Thursday, a three judge panel of the D.C. Circuit Court heard oral arguments in Hamdan v. Rumsfeld, a challenge to the first military tribunal convened by our national government since the WWII-era. I have helped Hamdan’s co-counsel, Professor Neal Katyal, in this case since August. In this article, I will only try to explain why a “federalist” or “conservative” should care that Mr. Hamdan, a driver for Osama Bin Laden and an alleged terrorist, is being tried in a military commission whose rules, procedure and composition are all created under the complete and total discretion of one man- the President of the United States.

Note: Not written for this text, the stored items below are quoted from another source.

(* Let $S$ be an $E$-unitary inverse semigroup, $A$ a semilattice of groups, and $\Lambda=(\alpha,\lambda,f)$, $\Lambda'=(\alpha',\lambda',f')$ Sieben twisted $S$-module structures on $A$. If $\Lambda$ is equivalent to $\Lambda'$, then the corresponding twisted partial actions $\Theta=\Theta^\Lambda$ and $\Theta'=\Theta^{\Lambda'}$ of $\mathcal G(S)$ on $A$ are equivalent.
   Context: A semilattice of groups is an inverse semigroup $A$ with central idempotents; $A_e=\{a: aa^{-1}=a^{-1}a=e\}$. $\mathcal G(S)=S/\sigma$, $\sigma$ the minimum group congruence; $E$-unitary: $e\le s$, $e\in E(S)$ imply $s\in E(S)$. A twisted $S$-module structure $(\alpha,\lambda,f)$: $\alpha:E(S)\to E(A)$ isomorphism, $\lambda_s$ relatively invertible endomorphisms of $A$ (there are $\bar\varphi$, $e_\varphi\in E(A)$ with $\bar\varphi\varphi(a)=e_\varphi a$, $\varphi\bar\varphi(a)=\varphi(e_\varphi)a$, $e_\varphi$ identity of $\bar\varphi(A)$, $\varphi(e_\varphi)$ identity of $\varphi(A)$), $f(s,t)\in A_{\alpha(stt^{-1}s^{-1})}$, with (i) $\lambda_e(a)=\alpha(e)a$; (ii) $\lambda_s(\alpha(e))=\alpha(ses^{-1})$; (iii) $\lambda_s\lambda_t(a)=f(s,t)\lambda_{st}(a)f(s,t)^{-1}$; (iv) $f(se,e)=\alpha(ses^{-1})$, $f(e,es)=\alpha(ess^{-1})$; (v) $\lambda_s(f(t,u))f(s,tu)=f(s,t)f(st,u)$; Sieben: also $f(s,e)=\alpha(ses^{-1})$, $f(e,s)=\alpha(ess^{-1})$. Equivalence of structures: $\alpha'=\alpha$ and there is $g:S\to A$, $g(s)\in A_{\alpha(ss^{-1})}$, with $\lambda'_s(a)=g(s)\lambda_s(a)g(s)^{-1}$ and $f'(s,t)g(st)=g(s)\lambda_s(g(t))f(s,t)$. $\Theta^\Lambda=(\theta,w)$: for $x\in\mathcal G(S)$, $D_x=\bigsqcup_{s\in x}A_{\alpha(ss^{-1})}$; $\theta_x(a)=\lambda_s(a)$ for $a\in D_{x^{-1}}$ with $s\in x$ the unique element with $\alpha(s^{-1}s)=aa^{-1}$; $w_{x,y}a=f(s,s^{-1}t)a$, $aw_{x,y}=af(s,s^{-1}t)$ for $a\in D_xD_{xy}$ with $s\in x$, $t\in xy$ unique such that $\alpha(ss^{-1})=\alpha(tt^{-1})=aa^{-1}$; this is a twisted partial action. Multipliers of a semigroup $T$: pairs $(L,R)$ of maps with $L(st)=L(s)t$, $R(st)=sR(t)$, $sL(t)=R(s)t$, written $ws$, $sw$; monoid $\mathcal M(T)$ with unit group $\mathcal U(\mathcal M(T))$. Two twisted partial actions $(\theta,w)$, $(\theta',w')$ of a group on $A$ (with domains $D_x$, $D'_x$) are equivalent if $D'_x=D_x$ and there exist $\varepsilon_x\in\mathcal U(\mathcal M(D_x))$ with $\theta'_x(s)=\varepsilon_x\theta_x(s)\varepsilon_x^{-1}$ for $s\in D_{x^{-1}}$ and $\theta'_x(s)w'_{x,y}\varepsilon_{xy}=\varepsilon_x\theta_x(s\varepsilon_y)w_{x,y}$ for $s\in D_{x^{-1}}D_y$. *)

theory Defs
  imports Main
begin

definition is_inverse_semigroup :: "('s \<Rightarrow> 's \<Rightarrow> 's) \<Rightarrow> bool" where
  "is_inverse_semigroup m \<longleftrightarrow>
     (\<forall>a b c. m (m a b) c = m a (m b c)) \<and>
     (\<forall>s. \<exists>!t. m (m s t) s = s \<and> m (m t s) t = t)"

definition sinv :: "('s \<Rightarrow> 's \<Rightarrow> 's) \<Rightarrow> 's \<Rightarrow> 's" where
  "sinv m s = (THE t. m (m s t) s = s \<and> m (m t s) t = t)"

definition idems :: "('s \<Rightarrow> 's \<Rightarrow> 's) \<Rightarrow> 's set" where
  "idems m = {e. m e e = e}"

definition semilattice_of_groups :: "('a \<Rightarrow> 'a \<Rightarrow> 'a) \<Rightarrow> bool" where
  "semilattice_of_groups m \<longleftrightarrow> is_inverse_semigroup m \<and> (\<forall>e\<in>idems m. \<forall>a. m e a = m a e)"

definition grp_comp :: "('a \<Rightarrow> 'a \<Rightarrow> 'a) \<Rightarrow> 'a \<Rightarrow> 'a set" where
  "grp_comp m e = {a. m a (sinv m a) = e \<and> m (sinv m a) a = e}"

definition nat_le :: "('s \<Rightarrow> 's \<Rightarrow> 's) \<Rightarrow> 's \<Rightarrow> 's \<Rightarrow> bool" where
  "nat_le m s t \<longleftrightarrow> (\<exists>e\<in>idems m. s = m e t)"

definition E_unitary :: "('s \<Rightarrow> 's \<Rightarrow> 's) \<Rightarrow> bool" where
  "E_unitary m \<longleftrightarrow> is_inverse_semigroup m \<and>
     (\<forall>e s. e \<in> idems m \<and> nat_le m e s \<longrightarrow> s \<in> idems m)"

definition is_congruence :: "('s \<Rightarrow> 's \<Rightarrow> 's) \<Rightarrow> ('s \<times> 's) set \<Rightarrow> bool" where
  "is_congruence m R \<longleftrightarrow> equiv UNIV R \<and>
     (\<forall>a b c. (a, b) \<in> R \<longrightarrow> (m c a, m c b) \<in> R \<and> (m a c, m b c) \<in> R)"

definition group_congruence :: "('s \<Rightarrow> 's \<Rightarrow> 's) \<Rightarrow> ('s \<times> 's) set \<Rightarrow> bool" where
  "group_congruence m R \<longleftrightarrow> is_congruence m R \<and>
     (\<exists>u. \<forall>s. (m u s, s) \<in> R \<and> (m s u, s) \<in> R \<and> (\<exists>t. (m s t, u) \<in> R \<and> (m t s, u) \<in> R))"

definition min_group_cong :: "('s \<Rightarrow> 's \<Rightarrow> 's) \<Rightarrow> ('s \<times> 's) set" where
  "min_group_cong m = \<Inter> {R. group_congruence m R}"

definition GS :: "('s \<Rightarrow> 's \<Rightarrow> 's) \<Rightarrow> 's set set" where
  "GS m = UNIV // min_group_cong m"

definition sclass :: "('s \<Rightarrow> 's \<Rightarrow> 's) \<Rightarrow> 's \<Rightarrow> 's set" where
  "sclass m s = min_group_cong m `` {s}"

definition GS_mult :: "('s \<Rightarrow> 's \<Rightarrow> 's) \<Rightarrow> 's set \<Rightarrow> 's set \<Rightarrow> 's set" where
  "GS_mult m x y = sclass m (m (SOME s. s \<in> x) (SOME t. t \<in> y))"

definition GS_inv :: "('s \<Rightarrow> 's \<Rightarrow> 's) \<Rightarrow> 's set \<Rightarrow> 's set" where
  "GS_inv m x = sclass m (sinv m (SOME s. s \<in> x))"

definition endo :: "('a \<Rightarrow> 'a \<Rightarrow> 'a) \<Rightarrow> ('a \<Rightarrow> 'a) \<Rightarrow> bool" where
  "endo m \<phi> \<longleftrightarrow> (\<forall>a b. \<phi> (m a b) = m (\<phi> a) (\<phi> b))"

definition is_identity_of :: "('a \<Rightarrow> 'a \<Rightarrow> 'a) \<Rightarrow> 'a \<Rightarrow> 'a set \<Rightarrow> bool" where
  "is_identity_of m e B \<longleftrightarrow> e \<in> B \<and> (\<forall>b\<in>B. m e b = b \<and> m b e = b)"

definition rel_invertible :: "('a \<Rightarrow> 'a \<Rightarrow> 'a) \<Rightarrow> ('a \<Rightarrow> 'a) \<Rightarrow> bool" where
  "rel_invertible m \<phi> \<longleftrightarrow> endo m \<phi> \<and>
     (\<exists>\<phi>b e. endo m \<phi>b \<and> e \<in> idems m \<and>
        (\<forall>a. \<phi>b (\<phi> a) = m e a) \<and> (\<forall>a. \<phi> (\<phi>b a) = m (\<phi> e) a) \<and>
        is_identity_of m e (range \<phi>b) \<and> is_identity_of m (\<phi> e) (range \<phi>))"

text \<open>Sieben twisted S-module structure $(\alpha,\lambda,f)$ on $A$
  (conditions (i)--(v) together with Sieben's extra normalisation).\<close>
definition sieben_twisted_module ::
  "('s \<Rightarrow> 's \<Rightarrow> 's) \<Rightarrow> ('a \<Rightarrow> 'a \<Rightarrow> 'a) \<Rightarrow> ('s \<Rightarrow> 'a) \<Rightarrow> ('s \<Rightarrow> 'a \<Rightarrow> 'a) \<Rightarrow> ('s \<Rightarrow> 's \<Rightarrow> 'a) \<Rightarrow> bool"
where
  "sieben_twisted_module mS mA \<alpha> lam f \<longleftrightarrow>
     bij_betw \<alpha> (idems mS) (idems mA) \<and>
     (\<forall>e\<in>idems mS. \<forall>e'\<in>idems mS. \<alpha> (mS e e') = mA (\<alpha> e) (\<alpha> e')) \<and>
     (\<forall>s. rel_invertible mA (lam s)) \<and>
     (\<forall>s t. f s t \<in> grp_comp mA (\<alpha> (mS (mS s t) (mS (sinv mS t) (sinv mS s))))) \<and>
     (\<forall>e\<in>idems mS. \<forall>a. lam e a = mA (\<alpha> e) a) \<and>
     (\<forall>s. \<forall>e\<in>idems mS. lam s (\<alpha> e) = \<alpha> (mS (mS s e) (sinv mS s))) \<and>
     (\<forall>s t a. lam s (lam t a) = mA (mA (f s t) (lam (mS s t) a)) (sinv mA (f s t))) \<and>
     (\<forall>s. \<forall>e\<in>idems mS. f (mS s e) e = \<alpha> (mS (mS s e) (sinv mS s)) \<and>
                       f e (mS e s) = \<alpha> (mS (mS e s) (sinv mS s))) \<and>
     (\<forall>s t u. mA (lam s (f t u)) (f s (mS t u)) = mA (f s t) (f (mS s t) u)) \<and>
     (\<forall>s. \<forall>e\<in>idems mS. f s e = \<alpha> (mS (mS s e) (sinv mS s)) \<and>
                       f e s = \<alpha> (mS (mS e s) (sinv mS s)))"

definition equiv_twisted_modules ::
  "('s \<Rightarrow> 's \<Rightarrow> 's) \<Rightarrow> ('a \<Rightarrow> 'a \<Rightarrow> 'a) \<Rightarrow>
   ('s \<Rightarrow> 'a) \<Rightarrow> ('s \<Rightarrow> 'a \<Rightarrow> 'a) \<Rightarrow> ('s \<Rightarrow> 's \<Rightarrow> 'a) \<Rightarrow>
   ('s \<Rightarrow> 'a) \<Rightarrow> ('s \<Rightarrow> 'a \<Rightarrow> 'a) \<Rightarrow> ('s \<Rightarrow> 's \<Rightarrow> 'a) \<Rightarrow> bool"
where
  "equiv_twisted_modules mS mA \<alpha> lam f \<alpha>' lam' f' \<longleftrightarrow>
     (\<forall>e\<in>idems mS. \<alpha>' e = \<alpha> e) \<and>
     (\<exists>g. (\<forall>s. g s \<in> grp_comp mA (\<alpha> (mS s (sinv mS s)))) \<and>
          (\<forall>s a. lam' s a = mA (mA (g s) (lam s a)) (sinv mA (g s))) \<and>
          (\<forall>s t. mA (f' s t) (g (mS s t)) = mA (mA (g s) (lam s (g t))) (f s t)))"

I start from first principles. Since all men are naturally equal and free, no man may have his liberty taken from him by another without proper justification. As a result, the central tenant of a just regime that claims the moral authority to take an accused's liberty is the correct differentiation between the guilty and the innocent. That is, people can argue about what should or should not be a crime- but a regime that ultimately makes a determination of this threshold inquiry must provide adequate process to anyone, citizen or not, that it subjects to its legal adjudicative force. Mr. Hamdan has been accused of conspiring to commit terrible crimes- whether those conspiracy charges even state a recognizable charge under the current laws is a tricky issue- but even assuming those charges are valid, the onus is on the authority that purports to have the right to brand him guilty. That authority must prove that its adjudicative process is transparent and fair, and that he has really done what they accuse him of.

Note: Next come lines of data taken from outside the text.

(* Let $X\sim N(\mu,\Sigma)$ be a $p\times 1$ random vector with $\Sigma$ non-singular, and let $\hat\Sigma$ (from $n$ independent samples) be non-singular. Let $\Sigma_{\hat\Omega}=U^TV^*U/n$ with \[ V^*=(I_{p^2}+K)(\Sigma\otimes\Sigma),\qquad U=\big[\Sigma\otimes\Sigma\big]^{-1}\Big[(P_d^{-1/2}\otimes P_d^{-1/2})-\tfrac12(I_{p^2}+K)(I_p\otimes\Omega P_d^{-1})D\Big], \] and let $\rho^*=\frac{\mathrm{tr}(\Sigma_{\hat\Omega})}{\mathrm{tr}(\Sigma_{\hat\Omega})+\sum_{i=1}^p\lambda_i^2-p}$, where $\lambda_1,\dots,\lambda_p$ are the eigenvalues of $\Omega$, and suppose $0<\rho^*<1$. Define $\hat V^*$ and $\hat U$ by replacing $\Sigma,P_d,\Omega$ in $V^*,U$ by $\hat\Sigma,\hat P_d,\hat\Omega$, let $\widehat{\mathrm{tr}(\Sigma_{\hat\Omega})}=\mathrm{tr}(\hat U^T\hat V^*\hat U)/n$, and \[ \hat\rho^*=\frac{\widehat{\mathrm{tr}(\Sigma_{\hat\Omega})}}{\widehat{\mathrm{tr}(\Sigma_{\hat\Omega})}+\sum_{i=1}^p\hat\lambda_i^2-p}, \] where $\hat\lambda_1,\dots,\hat\lambda_p$ are the eigenvalues of $\hat\Omega$. Then $\hat\rho^*$ is an $n$-consistent estimator of $\rho^*$ (consistent as $n\to\infty$).
   Context: $P=\Sigma^{-1}$, $P_d=\mathrm{dg}(P)$, $\Omega=P_d^{-1/2}PP_d^{-1/2}$. From independent samples $X_1,\dots,X_n$, $\hat\Sigma=\frac1n\sum_{i=1}^n(X_i-\bar X)(X_i-\bar X)^T$, $\hat P=\hat\Sigma^{-1}$, $\hat P_d=\mathrm{dg}(\hat P)$, $\hat\Omega=\hat P_d^{-1/2}\hat P\hat P_d^{-1/2}$. $\otimes$ is the Kronecker product. $K$ is the $p^2\times p^2$ commutation matrix $[E_{i,j}]_{i,j=1}^p$, with $E_{i,j}$ the $p\times p$ matrix having a 1 in position $(j,i)$ and 0 elsewhere ($K\mathrm{vec}(A)=\mathrm{vec}(A^T)$, $\mathrm{vec}$ stacking columns). $D=\sum_{i=1}^pE_{i,i}\otimes E_{i,i}$. *)

theory Defs
  imports "HOL-Probability.Probability" "HOL-Computational_Algebra.Polynomial"
begin

text \<open>A pair (a,b) stands for position (a-1)p+b, so vec(A) at (j,i) is A_{ij}
  and the Kronecker product is (A \<otimes> B)_{(i,k),(j,l)} = A_{ij} B_{kl}.\<close>

definition kron :: "real^'p::finite^'p \<Rightarrow> real^'q::finite^'q \<Rightarrow> real^('p \<times> 'q)^('p \<times> 'q)" where
  "kron A B = (\<chi> r c. A $ fst r $ fst c * B $ snd r $ snd c)"

text \<open>Commutation matrix K = [E_{i,j}], E_{i,j} having a 1 in position (j,i).\<close>
definition commut :: "real^('p::finite \<times> 'p)^('p \<times> 'p)" where
  "commut = (\<chi> r c. if fst r = snd c \<and> snd r = fst c then 1 else 0)"

text \<open>D = sum_i E_{i,i} \<otimes> E_{i,i}.\<close>
definition Dmat :: "real^('p::finite \<times> 'p)^('p \<times> 'p)" where
  "Dmat = (\<chi> r c. if fst r = snd r \<and> fst c = snd c \<and> fst r = fst c then 1 else 0)"

definition dg :: "real^'p::finite^'p \<Rightarrow> real^'p::finite^'p" where
  "dg A = (\<chi> i j. if i = j then A $ i $ j else 0)"

definition diag_powr :: "real^'p::finite^'p \<Rightarrow> real \<Rightarrow> real^'p::finite^'p" where
  "diag_powr A a = (\<chi> i j. if i = j then A $ i $ i powr a else 0)"

definition Omega_of :: "real^'p::finite^'p \<Rightarrow> real^'p::finite^'p" where
  "Omega_of S = (let P = matrix_inv S; Pd = dg P in diag_powr Pd (-1/2) ** P ** diag_powr Pd (-1/2))"

definition Vstar :: "real^'p::finite^'p \<Rightarrow> real^('p::finite \<times> 'p)^('p \<times> 'p)" where
  "Vstar S = (mat 1 + commut) ** kron S S"

definition Umat :: "real^'p::finite^'p \<Rightarrow> real^('p::finite \<times> 'p)^('p \<times> 'p)" where
  "Umat S = (let P = matrix_inv S; Pd = dg P; Om = Omega_of S in
     matrix_inv (kron S S) **
       (kron (diag_powr Pd (-1/2)) (diag_powr Pd (-1/2))
        - (1/2) *\<^sub>R ((mat 1 + commut) ** kron (mat 1) (Om ** matrix_inv Pd) ** Dmat)))"

definition trSigOmega :: "real^'p::finite^'p \<Rightarrow> nat \<Rightarrow> real" where
  "trSigOmega S n = trace (transpose (Umat S) ** Vstar S ** Umat S) / real n"

definition charpoly :: "real^'p::finite^'p \<Rightarrow> real poly" where
  "charpoly A = det (\<chi> i j. (if i = j then [:0, 1:] else 0) - [:A $ i $ j:])"

text \<open>Sum of squared eigenvalues, counted with algebraic multiplicity (over the complex roots
  of the characteristic polynomial; real part taken, all are real for symmetric A).\<close>
definition sum_sq_eigs :: "real^'p::finite^'p \<Rightarrow> real" where
  "sum_sq_eigs A = (let q = map_poly complex_of_real (charpoly A) in
     Re (\<Sum>z\<in>{z. poly q z = 0}. of_nat (order z q) * z ^ 2))"

definition rho_star :: "real^'p::finite^'p \<Rightarrow> nat \<Rightarrow> real" where
  "rho_star S n = trSigOmega S n /
     (trSigOmega S n + sum_sq_eigs (Omega_of S) - real CARD('p))"

definition mvn_density :: "real^'p \<Rightarrow> real^'p::finite^'p \<Rightarrow> real^'p \<Rightarrow> real" where
  "mvn_density mu S x =
     exp (- (1/2) * ((x - mu) \<bullet> (matrix_inv S *v (x - mu)))) / sqrt ((2 * pi) ^ CARD('p) * det S)"

definition outer :: "real^'p \<Rightarrow> real^'p \<Rightarrow> real^'p::finite^'p" where
  "outer a b = (\<chi> i j. a $ i * b $ j)"

definition sample_cov :: "(nat \<Rightarrow> real^'p) \<Rightarrow> nat \<Rightarrow> real^'p::finite^'p" where
  "sample_cov x n = (let xbar = (1 / real n) *\<^sub>R (\<Sum>i<n. x i) in
     (1 / real n) *\<^sub>R (\<Sum>i<n. outer (x i - xbar) (x i - xbar)))"

definition conv_prob_zero :: "'a measure \<Rightarrow> (nat \<Rightarrow> 'a \<Rightarrow> real) \<Rightarrow> bool" where
  "conv_prob_zero M Y \<longleftrightarrow>
     (\<forall>e>0. (\<lambda>n. measure M {\<omega> \<in> space M. \<bar>Y n \<omega>\<bar> > e}) \<longlonglongrightarrow> 0)"

end

(*
  Write T(S) = tr(U^T V U) (V being the paper's V-star) and c(S) = sum_i lambda_i^2 - p for the
  quantities of the paper evaluated at a covariance matrix S, so that
  rho_star(S, n) = (T/n) / (T/n + c) and n rho_star(S, n) = T / (T/n + c).  The hypothesis
  0 < rho_star < 1 forces T c > 0 at Sigma, and then (T', c') |-> T' / (h T' + c') is continuous
  at (T(Sigma), c(Sigma)) uniformly in h >= 0.  Both T and c are continuous at Sigma: T is built
  from continuous matrix operations, and sum_i lambda_i^2 = e_1^2 - 2 e_2 is a polynomial in two
  coefficients of the characteristic polynomial.  Hence n (rho_star(S, n) - rho_star(Sigma, n))
  is small as soon as S is entrywise close to Sigma.  The entries of the sample covariance are
  polynomials in the sample moments about mu, which converge in probability by the weak law of
  large numbers; the Gaussian moments this needs are read off the moment generating function
  exp (t^T Sigma t / 2), computed by completing the square.
*)

theory Submission
  imports Defs "HOL-Computational_Algebra.Fundamental_Theorem_Algebra"
begin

The obvious follow-up question is what does “proper process” entail? The customary/legal argument encompasses certain traditionally protected and statutory rights that accused generally enjoy. One such notable right is the right to be present- something that was denied to Mr. Hamdan already, and will be denied again if the D.C. Circuit rules against him. I think the moral requirements are more messy than these formalistic traditional procedures, but also more expansive. That is, when a person is accused of committing a crime, he must have a fair, independent decision-maker determine whether he is guilty or innocent based on transparent procedures that are set up to get the factual issue correct. I do not think many of the President’s supporters disagree with the previous statement, in theory. Yet, if one were to take the government’s arguments on their face, the president could label any person (at least any non-citizen) as an enemy combatant, draw up novel charges against him, appoint his commissioners, lay out the procedures and have final review authority over the execution. I do not think this comes even close to meeting the threshold for determining guilt or innocence.

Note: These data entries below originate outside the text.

lemma sum_subface_interval_pow:
  fixes x :: "'a::comm_semiring_1"
  assumes "subface a t"
  shows "(\<Sum>u | subface a u \<and> subface u t. x ^ (count_list u None - count_list a None))
       = (1 + x) ^ (count_list t None - count_list a None)"
proof -
  (* the interval is a product of coordinate intervals, indexed by the pairs (a ! i, t ! i) *)
  define R :: "bool option \<Rightarrow> bool option \<times> bool option \<Rightarrow> bool"
    where "R e = (\<lambda>(c, c'). (e = None \<or> e = c) \<and> (c' = None \<or> c' = e))" for e
  define w :: "bool option \<Rightarrow> bool option \<times> bool option \<Rightarrow> 'a"
    where "w e = (\<lambda>(c, c'). if c \<noteq> None \<and> e = None then x else 1)" for e
  have lengths: "length a = length t"
    using assms by (rule subface_length)
  have interval: "list_all2 R u (zip a t) \<longleftrightarrow> subface a u \<and> subface u t" for u
  proof (cases "length u = length a")
    case True
    then show ?thesis
      using lengths by (induction u a t rule: list_induct3) (auto simp: R_def subface_def)
  next
    case False
    with lengths show ?thesis
      by (auto dest: subface_length list_all2_lengthD)
  qed
  have weight: "prod_list (map2 w u (zip a t)) = x ^ (count_list u None - count_list a None)"
    if "subface a u" "subface u t" for u
    using subface_length [OF that(1)] subface_length [OF that(2)] that
    by (induction a u t rule: list_induct3)
      (auto simp: subface_def w_def Suc_diff_le subface_count_None_le [unfolded subface_def] mult_ac)
  have coordinate:
    "(\<Sum>e | R e (c, c'). w e (c, c')) = (if c \<noteq> None \<and> c' = None then 1 + x else 1)"
    if "c' = None \<or> c' = c" for c c'
  proof -
    have "{e. R e (c, c')} = (if c' = None then insert None {c} else {c})"
      using that by (auto simp: R_def)
    then show ?thesis
      using that by (auto simp: w_def add.commute)
  qed
  have coordinates: "(\<Prod>ct\<leftarrow>zip a t. \<Sum>e | R e ct. w e ct)
      = (\<Prod>(c, c')\<leftarrow>zip a t. if c \<noteq> None \<and> c' = None then 1 + x else 1)"
    using assms
    by (intro arg_cong [where f = prod_list] map_cong)
      (auto simp: subface_def list_all2_iff coordinate)
  have "(\<Sum>u | subface a u \<and> subface u t. x ^ (count_list u None - count_list a None))
      = (\<Sum>u | list_all2 R u (zip a t). prod_list (map2 w u (zip a t)))"
    by (rule sum.cong) (auto simp: interval weight)
  also have "\<dots> = (1 + x) ^ (count_list t None - count_list a None)"
    by (simp only: sum_list_all2_prod_list coordinates prod_list_subface_codim [OF assms])
  finally show ?thesis .
qed

lemma cube_face_vset_Nil: "cube_face_vset [] = {[]}"
  by (auto simp: cube_face_vset_def)

lemma cube_face_vset_Cons:
  "cube_face_vset (e # s) =
     (\<lambda>(b, v). b # v) ` ({b. e = None \<or> e = Some b} \<times> cube_face_vset s)"
proof (intro set_eqI iffI)
  fix v
  assume "v \<in> cube_face_vset (e # s)"
  then show "v \<in> (\<lambda>(b, v). b # v) ` ({b. e = None \<or> e = Some b} \<times> cube_face_vset s)"
    by (cases v) (auto simp: cube_face_vset_def All_less_Suc2)
qed (auto simp: cube_face_vset_def All_less_Suc2)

The decision of the Circuit Court will address more than these rather uncontroversial moral dictates. There are issues about whether this challenge to the tribunal is timely, what level of protections the Universal Code of Military Justice offers, and what rights a person who has been designated “Al Qaeda” but claims to be a civilian has under the Geneva Conventions. Yet, the principle that is being vindicated is not nearly as complicated- the regular, proper and just differentiation between the guilty and innocent is the ultimate hallmark of how just our regime is.
As to why a “federalist” should care, I will close with a quote from one of the greatest federalists (a quote the co-counsel I worked for liked to use), Chief Justice John Marshall: “[The] government of the United States has been emphatically termed a government of laws, and not of men.” A system of determining guilt and innocent based on a law written by one man, prosecuted by that man’s authority, and decided by that same authority is not a “government of laws.” Those of us who believe in absolute right and wrong, and that government is set up to protect inalienable rights, should care most of all that a fair process decide whether those our government brands as criminals are truly guilty. That many of our friends do not seem to care about these principles when it comes to people presumptively labeled as “terrorists” makes me wonder whether they truly understand what inalienable rights are.